## Problem
Only a number is expected in reply: the count of lines below where the word "cirr" occurs.

Data records:
(* Let $f:X\to Y$ and $g:X'\to Y'$ be morphisms in $\mathcal{C}_{\mathcal{I}}^J(\mathcal{P}(\Lambda))$ such that $f$ is isomorphic to $g$ in $\mathcal{K}_{\mathcal{I}}^J(\mathcal{P}(\Lambda))$, i.e. there are isomorphisms $\alpha:X\to X'$ and $\beta:Y\to Y'$ in $\mathcal{K}_{\mathcal{I}}^J(\mathcal{P}(\Lambda))$ with $[g]\alpha=\beta[f]$. Then: (a) if $f$ is smonic, then $g$ is smonic; (b) if $f$ is sepic, then $g$ is sepic; (c) if $f$ and $g$ are irreducible and $f$ is sirreducible, then $g$ is sirreducible.
   Context: $\Lambda$ is a finite-dimensional non-semisimple algebra over a field $k$, $\mathcal{P}(\Lambda)$ the category of finitely generated projective right $\Lambda$-modules; $\mathcal{I}$ is the ideal of radical morphisms (those whose image lies in the radical of the target). For an interval $J\subseteq\mathbb{Z}$, $\mathcal{C}_{\mathcal{I}}^J(\mathcal{P}(\Lambda))$ is the category of cochain complexes of finitely generated projective $\Lambda$-modules vanishing outside $J$ with radical differentials, and $\mathcal{K}_{\mathcal{I}}^J(\mathcal{P}(\Lambda))$ its homotopy category; $[f]$ denotes the homotopy class of $f$. A morphism of complexes $f=(f^n)$ is smonic if all $f^n$ are split monomorphisms, sepic if all $f^n$ are split epimorphisms, and sirreducible if there is exactly one index $i_0$ with $f^{i_0}$ irreducible in $\mathcal{P}(\Lambda)$, $f^n$ a split epimorphism for $n<i_0$ and a split monomorphism for $n>i_0$. *)

theory Defs
  imports "Jordan_Normal_Form.Matrix"
begin

definition fd_algebra :: "('k::field \<Rightarrow> 'a::ring_1) \<Rightarrow> bool" where
  "fd_algebra emb \<longleftrightarrow>
     emb 1 = 1 \<and> (\<forall>c d. emb (c + d) = emb c + emb d) \<and> (\<forall>c d. emb (c * d) = emb c * emb d)
     \<and> (\<forall>c x. emb c * x = x * emb c)
     \<and> (\<exists>bs :: 'a list. \<forall>x. \<exists>cs :: 'k list. length cs = length bs \<and>
            x = (\<Sum>i<length bs. emb (cs ! i) * bs ! i))"

text \<open>A f.g. projective right Lambda-module is modelled (up to isomorphism) as
  e Lambda^n for an idempotent n x n matrix e; elements are column vectors, Lambda
  acts on the right entrywise, and morphisms e Lambda^n \<rightarrow> e' Lambda^m are m x n
  matrices A with e' A = A = A e, acting by left multiplication.\<close>

type_synonym 'a pobj = "nat \<times> 'a mat"

definition pobj :: "'a::ring_1 pobj \<Rightarrow> bool" where
  "pobj X \<longleftrightarrow> snd X \<in> carrier_mat (fst X) (fst X) \<and> snd X * snd X = snd X"

definition pmod :: "'a::ring_1 pobj \<Rightarrow> 'a vec set" where
  "pmod X = {v \<in> carrier_vec (fst X). snd X *\<^sub>v v = v}"

definition rsmult :: "'a::ring_1 vec \<Rightarrow> 'a \<Rightarrow> 'a vec" where
  "rsmult v c = map_vec (\<lambda>x. x * c) v"

definition psub :: "'a::ring_1 pobj \<Rightarrow> 'a vec set \<Rightarrow> bool" where
  "psub X U \<longleftrightarrow> U \<subseteq> pmod X \<and> 0\<^sub>v (fst X) \<in> U \<and> (\<forall>u\<in>U. \<forall>w\<in>U. u + w \<in> U)
      \<and> (\<forall>u\<in>U. \<forall>c. rsmult u c \<in> U)"

definition pmaxsub :: "'a::ring_1 pobj \<Rightarrow> 'a vec set \<Rightarrow> bool" where
  "pmaxsub X U \<longleftrightarrow> psub X U \<and> U \<noteq> pmod X \<and>
      (\<forall>W. psub X W \<and> U \<subseteq> W \<longrightarrow> W = U \<or> W = pmod X)"

definition prad :: "'a::ring_1 pobj \<Rightarrow> 'a vec set" where
  "prad X = pmod X \<inter> \<Inter> {U. pmaxsub X U}"

definition phom :: "'a::ring_1 pobj \<Rightarrow> 'a pobj \<Rightarrow> 'a mat \<Rightarrow> bool" where
  "phom X Y A \<longleftrightarrow> pobj X \<and> pobj Y \<and> A \<in> carrier_mat (fst Y) (fst X)
      \<and> snd Y * A = A \<and> A * snd X = A"

text \<open>Radical morphisms (the ideal I): image contained in the radical of the target.\<close>
definition pradhom :: "'a::ring_1 pobj \<Rightarrow> 'a pobj \<Rightarrow> 'a mat \<Rightarrow> bool" where
  "pradhom X Y A \<longleftrightarrow> phom X Y A \<and> (\<forall>v\<in>pmod X. A *\<^sub>v v \<in> prad Y)"

definition psplit_mono :: "'a::ring_1 pobj \<Rightarrow> 'a pobj \<Rightarrow> 'a mat \<Rightarrow> bool" where
  "psplit_mono X Y A \<longleftrightarrow> phom X Y A \<and> (\<exists>B. phom Y X B \<and> B * A = snd X)"

definition psplit_epi :: "'a::ring_1 pobj \<Rightarrow> 'a pobj \<Rightarrow> 'a mat \<Rightarrow> bool" where
  "psplit_epi X Y A \<longleftrightarrow> phom X Y A \<and> (\<exists>B. phom Y X B \<and> A * B = snd Y)"

definition pirr :: "'a::ring_1 pobj \<Rightarrow> 'a pobj \<Rightarrow> 'a mat \<Rightarrow> bool" where
  "pirr X Y A \<longleftrightarrow> phom X Y A \<and> \<not> psplit_mono X Y A \<and> \<not> psplit_epi X Y A \<and>
     (\<forall>Z g h. phom X Z g \<and> phom Z Y h \<and> A = h * g \<longrightarrow> psplit_mono X Z g \<or> psplit_epi Z Y h)"

text \<open>Lambda non-semisimple: the radical of Lambda_Lambda is nonzero.\<close>
definition fd_nonss_algebra :: "('k::field \<Rightarrow> 'a::ring_1) \<Rightarrow> bool" where
  "fd_nonss_algebra emb \<longleftrightarrow> fd_algebra emb \<and>
     (\<exists>v \<in> prad (1, 1\<^sub>m 1 :: 'a mat). v \<noteq> 0\<^sub>v 1)"

definition interval :: "int set \<Rightarrow> bool" where
  "interval J \<longleftrightarrow> (\<forall>a b c. a \<in> J \<longrightarrow> c \<in> J \<longrightarrow> a \<le> b \<longrightarrow> b \<le> c \<longrightarrow> b \<in> J)"

type_synonym 'a cplx = "(int \<Rightarrow> 'a pobj) \<times> (int \<Rightarrow> 'a mat)"

definition cplx :: "int set \<Rightarrow> 'a::ring_1 cplx \<Rightarrow> bool" where
  "cplx J C \<longleftrightarrow>
     (\<forall>n. pradhom (fst C n) (fst C (n + 1)) (snd C n))
     \<and> (\<forall>n. snd C (n + 1) * snd C n = 0\<^sub>m (fst (fst C (n + 2))) (fst (fst C n)))
     \<and> (\<forall>n. n \<notin> J \<longrightarrow> pmod (fst C n) = {0\<^sub>v (fst (fst C n))})"

definition cmor :: "int set \<Rightarrow> 'a::ring_1 cplx \<Rightarrow> 'a cplx \<Rightarrow> (int \<Rightarrow> 'a mat) \<Rightarrow> bool" where
  "cmor J C D f \<longleftrightarrow> cplx J C \<and> cplx J D \<and>
     (\<forall>n. phom (fst C n) (fst D n) (f n)) \<and> (\<forall>n. snd D n * f n = f (n + 1) * snd C n)"

definition ccomp :: "(int \<Rightarrow> 'a::ring_1 mat) \<Rightarrow> (int \<Rightarrow> 'a mat) \<Rightarrow> int \<Rightarrow> 'a mat" where
  "ccomp g f = (\<lambda>n. g n * f n)"

definition cid :: "'a::ring_1 cplx \<Rightarrow> int \<Rightarrow> 'a mat" where
  "cid C = (\<lambda>n. snd (fst C n))"

definition htpc :: "'a::ring_1 cplx \<Rightarrow> 'a cplx \<Rightarrow> (int \<Rightarrow> 'a mat) \<Rightarrow> (int \<Rightarrow> 'a mat) \<Rightarrow> bool" where
  "htpc C D f g \<longleftrightarrow> (\<exists>s. (\<forall>n. phom (fst C n) (fst D (n - 1)) (s n)) \<and>
      (\<forall>n. f n - g n = snd D (n - 1) * s n + s (n + 1) * snd C n))"

definition kiso :: "int set \<Rightarrow> 'a::ring_1 cplx \<Rightarrow> 'a cplx \<Rightarrow> (int \<Rightarrow> 'a mat) \<Rightarrow> bool" where
  "kiso J C D a \<longleftrightarrow> cmor J C D a \<and> (\<exists>b. cmor J D C b \<and>
      htpc C C (ccomp b a) (cid C) \<and> htpc D D (ccomp a b) (cid D))"

definition csplit_mono :: "int set \<Rightarrow> 'a::ring_1 cplx \<Rightarrow> 'a cplx \<Rightarrow> (int \<Rightarrow> 'a mat) \<Rightarrow> bool" where
  "csplit_mono J C D f \<longleftrightarrow> cmor J C D f \<and> (\<exists>r. cmor J D C r \<and> ccomp r f = cid C)"

definition csplit_epi :: "int set \<Rightarrow> 'a::ring_1 cplx \<Rightarrow> 'a cplx \<Rightarrow> (int \<Rightarrow> 'a mat) \<Rightarrow> bool" where
  "csplit_epi J C D f \<longleftrightarrow> cmor J C D f \<and> (\<exists>r. cmor J D C r \<and> ccomp f r = cid D)"

definition cirr :: "int set \<Rightarrow> 'a::ring_1 cplx \<Rightarrow> 'a cplx \<Rightarrow> (int \<Rightarrow> 'a mat) \<Rightarrow> bool" where
  "cirr J C D f \<longleftrightarrow> cmor J C D f \<and> \<not> csplit_mono J C D f \<and> \<not> csplit_epi J C D f \<and>
     (\<forall>E g h. cmor J C E g \<and> cmor J E D h \<and> f = ccomp h g \<longrightarrow>
        csplit_mono J C E g \<or> csplit_epi J E D h)"

definition smonic :: "'a::ring_1 cplx \<Rightarrow> 'a cplx \<Rightarrow> (int \<Rightarrow> 'a mat) \<Rightarrow> bool" where
  "smonic C D f \<longleftrightarrow> (\<forall>n. psplit_mono (fst C n) (fst D n) (f n))"

definition sepic :: "'a::ring_1 cplx \<Rightarrow> 'a cplx \<Rightarrow> (int \<Rightarrow> 'a mat) \<Rightarrow> bool" where
  "sepic C D f \<longleftrightarrow> (\<forall>n. psplit_epi (fst C n) (fst D n) (f n))"

definition sirreducible :: "'a::ring_1 cplx \<Rightarrow> 'a cplx \<Rightarrow> (int \<Rightarrow> 'a mat) \<Rightarrow> bool" where
  "sirreducible C D f \<longleftrightarrow> (\<exists>i0. pirr (fst C i0) (fst D i0) (f i0)
      \<and> (\<forall>n. pirr (fst C n) (fst D n) (f n) \<longrightarrow> n = i0)
      \<and> (\<forall>n<i0. psplit_epi (fst C n) (fst D n) (f n))
      \<and> (\<forall>n>i0. psplit_mono (fst C n) (fst D n) (f n)))"

end

theory Submission
  imports Defs
begin

text \<open>A homotopy s turns [g] \<alpha> = \<beta> [f] into the degreewise equations
  g^n \<alpha>^n = \<beta>^n f^n + (d s + s d)^n, whose error terms are radical because the differentials
  are. For the same reason a homotopy equivalence is in each degree invertible modulo a radical
  endomorphism, hence invertible, since e + R is a unit of End(e \<Lambda>^n) for radical R by
  Nakayama's lemma. Being a split mono or a split epi is invariant under composition with
  isomorphisms and under radical perturbation; this gives (a) and (b) degreewise and moves the
  pattern of a sirreducible f over to g. The remaining component g^i0 is irreducible in P(\<Lambda>)
  because g is irreducible as a chain map: a factorisation of g^i0 through Z can be spliced
  into a complex through which g factors.\<close>

section \<open>Modules and morphisms\<close>

lemma pobjD:
  assumes "pobj X"
  shows "snd X \<in> carrier_mat (fst X) (fst X)" "snd X * snd X = snd X"
  using assms by (auto simp: pobj_def)

lemma phomD:
  assumes "phom X Y A"
  shows "A \<in> carrier_mat (fst Y) (fst X)" "snd Y * A = A" "A * snd X = A"
    "snd X \<in> carrier_mat (fst X) (fst X)" "snd Y \<in> carrier_mat (fst Y) (fst Y)"
    "pobj X" "pobj Y"
  using assms by (auto simp: phom_def pobj_def)

lemma pmod_carrier: "v \<in> pmod X \<Longrightarrow> v \<in> carrier_vec (fst X)"
  by (simp add: pmod_def)

lemma phom_id: "pobj X \<Longrightarrow> phom X X (snd X)"
  by (auto simp: phom_def pobj_def)

lemma phom_comp:
  assumes "phom X Y A" "phom Y Z B"
  shows "phom X Z (B * A)"
proof -
  note c = phomD[OF assms(1)] phomD[OF assms(2)]
  have "snd Z * (B * A) = (snd Z * B) * A"
    using c by (simp add: assoc_mult_mat[of _ "fst Z" "fst Z", symmetric])
  moreover have "(B * A) * snd X = B * (A * snd X)"
    using c by (simp add: assoc_mult_mat[of _ "fst Z" "fst Y"])
  ultimately show ?thesis using c by (auto simp: phom_def)
qed

lemma phom_add:
  assumes "phom X Y A" "phom X Y B"
  shows "phom X Y (A + B)"
proof -
  note c = phomD[OF assms(1)] phomD[OF assms(2)]
  have "snd Y * (A + B) = snd Y * A + snd Y * B" "(A + B) * snd X = A * snd X + B * snd X"
    using c by (auto simp: mult_add_distrib_mat add_mult_distrib_mat)
  then show ?thesis using c by (auto simp: phom_def)
qed

lemma phom_uminus: "phom X Y A \<Longrightarrow> phom X Y (- A)"
  by (auto simp: phom_def pobj_def)

lemma phom_mult_assoc:
  assumes "phom X Y A" "phom Y Z B" "phom Z W C"
  shows "C * (B * A) = (C * B) * A"
  using assoc_mult_mat[OF phomD(1)[OF assms(3)] phomD(1)[OF assms(2)] phomD(1)[OF assms(1)]]
  by simp

lemma rsmult_carrier [simp]: "v \<in> carrier_vec n \<Longrightarrow> rsmult v c \<in> carrier_vec n"
  by (simp add: rsmult_def)

lemma mult_mat_vec_rsmult:
  assumes "A \<in> carrier_mat m n" "v \<in> carrier_vec n"
  shows "A *\<^sub>v rsmult v c = rsmult (A *\<^sub>v v) c"
  using assms
  by (intro eq_vecI) (auto simp: rsmult_def scalar_prod_def sum_distrib_right mult.assoc)

lemma rsmult_add:
  assumes "v \<in> carrier_vec n" "w \<in> carrier_vec n"
  shows "rsmult (v + w) c = rsmult v c + rsmult w c"
  using assms by (intro eq_vecI) (auto simp: rsmult_def distrib_right)

lemma uminus_eq_rsmult: "- v = rsmult v (-1)"
  by (intro eq_vecI) (auto simp: rsmult_def)

lemma mult_mat_vec_zero: "A \<in> carrier_mat m n \<Longrightarrow> A *\<^sub>v 0\<^sub>v n = 0\<^sub>v m"
  by (intro eq_vecI) auto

## Response to the exercise
2